Dr. Sheila Bailey was a senior scientist in the Photovoltaics and Electrochemical Systems Branch at NASA Glenn Research Center, where she has worked from 1985-2018. She received her Bachelor’s (Duke) and Master’s (UNC) degrees in Physics and her Ph.D. in Solid State Physics (Univ. of Manchester, UK). She taught at Baldwin Wallace University for 27 years and has been an associate faculty member of the International Space University. Dr. Bailey’s PV work has centered around advanced etching, epitaxial lift off and quantum dot (QD) solar cells. She is co-author of over 150 publications in various aspects of solar cell materials processing and applications for space exploration. She has also authored numerous chapters in books and co-edited several books on this topic. She serves on editorial boards of several PV journals as a space PV expert.

Affiliations and Expertise

Senior Physicist (Retired), NASA Glenn Research Center, USA

Aloysius Hepp

Aloysius F. Hepp earned a PhD in Inorganic Photochemistry in 1983 from MIT. He retired in December 2016 from the Photovoltaic & Electrochemical Systems Branch of the NASA Glenn Research Center. Dr. Hepp has co-authored nearly 200 publications (including six patents) focused on processing of thin film and nanomaterials for I-III-VI solar cells, Li-ion batteries, integrated power devices and flight experiments, and precursors and spray pyrolysis deposition of sulfides and carbon nanotubes. He has co-edited twelve books on advanced materials processing, energy conversion and electronics, biomimicry and aerospace technologies. He is currently Editor-in-Chief Emeritus of Materials Science in Semiconductor Processing (MSSP) and is currently the chair of the International Advisory Board of MSSP, as well as serving on the Editorial Advisory Boards of Mater. Sci. and Engin. B and Heliyon - all Elsevier journals.

Affiliations and Expertise

Chief Technologist, Nanotech Innovations LLC and Science Advisory Board Member, CoreWater Technologies, Inc., Oberlin, OH, USA

Dale Ferguson

Dale C. Ferguson received the Ph.D. degree from The University of Arizona, Tucson, in 1974. He is currently the Lead for Spacecraft Charging Science and Technology with the Space Vehicles Division, Air Force Research Laboratory (AFRL), Kirtland Air Force Base, Albuquerque, NM. For nearly 40 years, he has been addressing spacecraft charging problems, first with the NASA and now with AFRL. He is the author of more than 200 publications. He has been the Principal Investigator on numerous spaceflight experiments, including the Wheel Abrasion Experiment on the Mars Pathfinder Sojourner Rover.

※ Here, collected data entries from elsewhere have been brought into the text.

lemma path_length_take_le: "path_length tail head w (take k q) \<le> path_length tail head w q"
proof -
  have "path_length tail head w (take k q)
      = (\<Sum>i<length (take k q) - 1. w (edge_between tail head (q ! i) (q ! (i + 1))))"
    unfolding path_length_def by (rule sum.cong) auto
  also have "\<dots> \<le> path_length tail head w q"
    unfolding path_length_def
    by (rule sum_mono2) (use weight_pos in \<open>auto intro: less_imp_le\<close>)
  finally show ?thesis .
qed

lemma path_length_snoc:
  assumes "q \<noteq> []"
  shows "path_length tail head w (q @ [b])
    = path_length tail head w q + w (edge_between tail head (last q) b)"
proof -
  obtain n where "length q = Suc n" using assms by (cases q) auto
  then show ?thesis
    unfolding path_length_def by (simp add: nth_append last_conv_nth[OF assms])
qed

lemma tight_path_shortest:
  assumes "lipschitz_potential p" and "tight_path p u v q" and "is_path tail head u v q'"
  shows "path_length tail head w q \<le> path_length tail head w q'"
  using potential_drop_le_path_length[OF assms(1,3)] assms(2) by (simp add: tight_path_def)

lemma tight_path_unique:
  assumes "lipschitz_potential p" and "unique_shortest_path tail head w u v"
    and "tight_path p u v q1" and "tight_path p u v q2"
  shows "q1 = q2"
  using assms tight_path_shortest[OF assms(1)]
  unfolding unique_shortest_path_def tight_path_def by blast

text \<open>A tight path cannot revisit \<open>b\<close>: along it the potential strictly decreases.\<close>

lemma tight_path_snoc:
  assumes lip: "lipschitz_potential p" and tight: "tight_path p u a q"
    and e: "{tail e, head e} = {a, b}" and drop: "p a - p b = w e"
  shows "tight_path p u b (q @ [b])"
proof -
  have path: "is_path tail head u a q" and len: "p u - p a = path_length tail head w q"
    using tight by (auto simp: tight_path_def)
  then have "q \<noteq> []" "last q = a" by (auto simp: is_path_def)
  have "b \<notin> set q"
  proof
    assume "b \<in> set q"
    then obtain k where "k < length q" "q ! k = b" by (auto simp: in_set_conv_nth)
    then have "p u - p b \<le> path_length tail head w q"
      using potential_drop_le_path_length[OF lip is_path_take[OF path]] path_length_take_le
      by (metis order.trans)
    then show False using len drop weight_pos[of e] by simp
  qed
  moreover have "adjacent tail head ((q @ [b]) ! i) ((q @ [b]) ! (i + 1))"
    if "i < length q" for i
  proof (cases "i < length q - 1")
    case True
    then show ?thesis using path by (auto simp: is_path_def nth_append)
  next
    case False
    then have "i = length q - 1" using that by simp
    then show ?thesis
      using e \<open>last q = a\<close> \<open>q \<noteq> []\<close> by (auto simp: adjacent_def nth_append last_conv_nth)
  qed
  ultimately have "is_path tail head u b (q @ [b])"
    using path \<open>q \<noteq> []\<close> unfolding is_path_def by auto
  moreover have "p u - p b = path_length tail head w (q @ [b])"
    using path_length_snoc[OF \<open>q \<noteq> []\<close>] edge_between_eq[OF e] \<open>last q = a\<close> len drop by simp
  ultimately show ?thesis by (simp add: tight_path_def)
qed

lemma tight_parent_unique:
  assumes lip: "lipschitz_potential p" and shortest: "unique_shortest_path tail head w u v"
    and "\<exists>q. tight_path p u a q" "{tail e, head e} = {a, v}" "p a - p v = w e"
    and "\<exists>q. tight_path p u a' q" "{tail e', head e'} = {a', v}" "p a' - p v = w e'"
  shows "a = a'"
proof -
  obtain q q' where q: "tight_path p u a q" and q': "tight_path p u a' q'"
    using assms(3,6) by blast
  have "q @ [v] = q' @ [v]"
    using tight_path_unique[OF lip shortest tight_path_snoc[OF lip q assms(4,5)]
        tight_path_snoc[OF lip q' assms(7,8)]] .
  then show ?thesis
    using q q' by (auto simp: tight_path_def is_path_def)
qed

Affiliations and Expertise

Space Vehicles Division, Air Force Research Laboratory (AFRL), Kirtland Air Force Base, Albuquerque, NM, USA

Ryne Raffaelle

Ryne P. Raffaelle (RPR) earned both a BS and MS in Physics from Southern Illinois University and a Ph.D. in Physics from Missouri University of Science and Technology. He is the Vice President for Research and Associate Provost at Rochester Institute of Technology (RIT). He is the former Director of the National Center for Photovoltaics at the National Renewable Energy Lab of the U.S. Department of Energy. Prior to serving at NREL, he was the Academic Director for the Golisano Institute for Sustainability and Director of the NanoPower Research Laboratory at RIT. He has worked as a visiting scientist at the NASA Glenn Research Center, NASA Kennedy Research Center, and DOE’s Oak Ridge National Laboratory. He is the author of over 200 refereed publications. He is on the Advisory Board of Elsevier’s Materials Science in Semiconductor Processing and is the Managing Editor of Progress in Photovoltaics, published by Wiley Interscience. He is the co-editor of several books on photovoltaics and nanotechnologies.

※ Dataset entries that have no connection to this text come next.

lemma block_word_stutter_expansion:
  assumes "K < a"
  shows "\<exists>h. h 0 = 0 \<and> stutter_expansion K (block_word a b P) (block_word (Suc a) b P) h"
proof -
  define M where "M = a + b"
  txt \<open>Blocks of length M + 1 are mapped onto blocks of length M, doubling the first letter.\<close>
  define h where "h x = x div Suc M * M + (x mod Suc M - 1)" for x
  have "0 < M"
    using assms by (simp add: M_def)
  have h_block: "h (Suc M * d + r) = M * d + (r - 1)" if "r < Suc M" for d r
    using that by (simp add: h_def del: mult_Suc)
  have w_block: "block_word a b P (M * d + r) = (if r < a then {P} else {})" if "r < M" for d r
    using that by (simp add: block_word_def M_def)
  have w'_block: "block_word (Suc a) b P (Suc M * d + r) = (if r < Suc a then {P} else {})"
    if "r < Suc M" for d r
    using that by (simp add: block_word_def M_def del: mult_Suc)
  have h_Suc: "h (Suc (Suc M * d + r)) = (if r = 0 then h (Suc M * d + r) else Suc (h (Suc M * d + r)))"
    if "r < Suc M" for d r
  proof (cases "r = M")
    case True
    then have "Suc (Suc M * d + r) = Suc M * Suc d + 0"
      by simp
    then show ?thesis
      using True h_block[of r d] h_block[of 0 "Suc d"] \<open>0 < M\<close> by (simp add: algebra_simps)
  next
    case False
    then have "Suc (Suc M * d + r) = Suc M * d + Suc r" "Suc r < Suc M"
      using that by simp_all
    then show ?thesis
      using h_block[of r d] h_block[of "Suc r" d] that by (cases "r = 0") simp_all
  qed
  have decompose: "\<exists>d r. q = Suc M * d + r \<and> r < Suc M" for q
    by (metis div_mult_mod_eq mod_less_divisor mult.commute zero_less_Suc)
  have "stutter_expansion K (block_word a b P) (block_word (Suc a) b P) h"
    unfolding stutter_expansion_def
  proof (intro conjI allI impI)
    fix q
    obtain d r where q: "q = Suc M * d + r" "r < Suc M"
      using decompose by blast
    show "block_word (Suc a) b P q = block_word a b P (h q)"
      using q w'_block[of r d] h_block[of r d] w_block[of "r - 1" d] assms \<open>0 < M\<close> by auto
    show "h (Suc q) = h q \<or> h (Suc q) = Suc (h q)"
      using q h_Suc by auto
  next
    fix p
    have "p \<le> h (Suc M * p + 0)"
      using h_block[of 0 p] \<open>0 < M\<close> by simp
    then show "\<exists>q. p \<le> h q" ..
  next
    fix q i
    assume "h (Suc q) = h q" "i \<le> K"
    obtain d r where q: "q = Suc M * d + r" "r < Suc M"
      using decompose by blast
    then have "r = 0"
      using h_Suc \<open>h (Suc q) = h q\<close> by (metis n_not_Suc_n)
    moreover have "i < a" "a \<le> M"
      using \<open>i \<le> K\<close> assms by (simp_all add: M_def)
    ultimately show "block_word a b P (h q + i) = block_word a b P (h q)"
      using q h_block[of 0 d] w_block[of i d] w_block[of 0 d] by simp
  qed
  moreover have "h 0 = 0"
    by (simp add: h_def)
  ultimately show ?thesis
    by blast
qed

Affiliations and Expertise

Vice President for Research and Associate Provost for Research, Rochester Institute of Technology, NY, USA

Steven Durbin

Steven Durbin received the BS, MS, and PhD degrees in Electrical Engineering from Purdue University. Prior to joining Western Michigan University in 2013, he taught at the Florida State University, the University of Canterbury (New Zealand), and the University at Buffalo (SUNY). He is a senior member of the IEEE, and a member of the American Physical Society, the Materials Research Society, and the Royal Society of New Zealand. His interests include novel semiconductors, oxide and nitride compounds, molecular beam epitaxy, pulsed laser deposition, and Schottky contact based devices and have resulted in > 150 publications. Prof. Durbin is currently Editor-in-Chief of Materials Science in Semiconductor Processing since 2016.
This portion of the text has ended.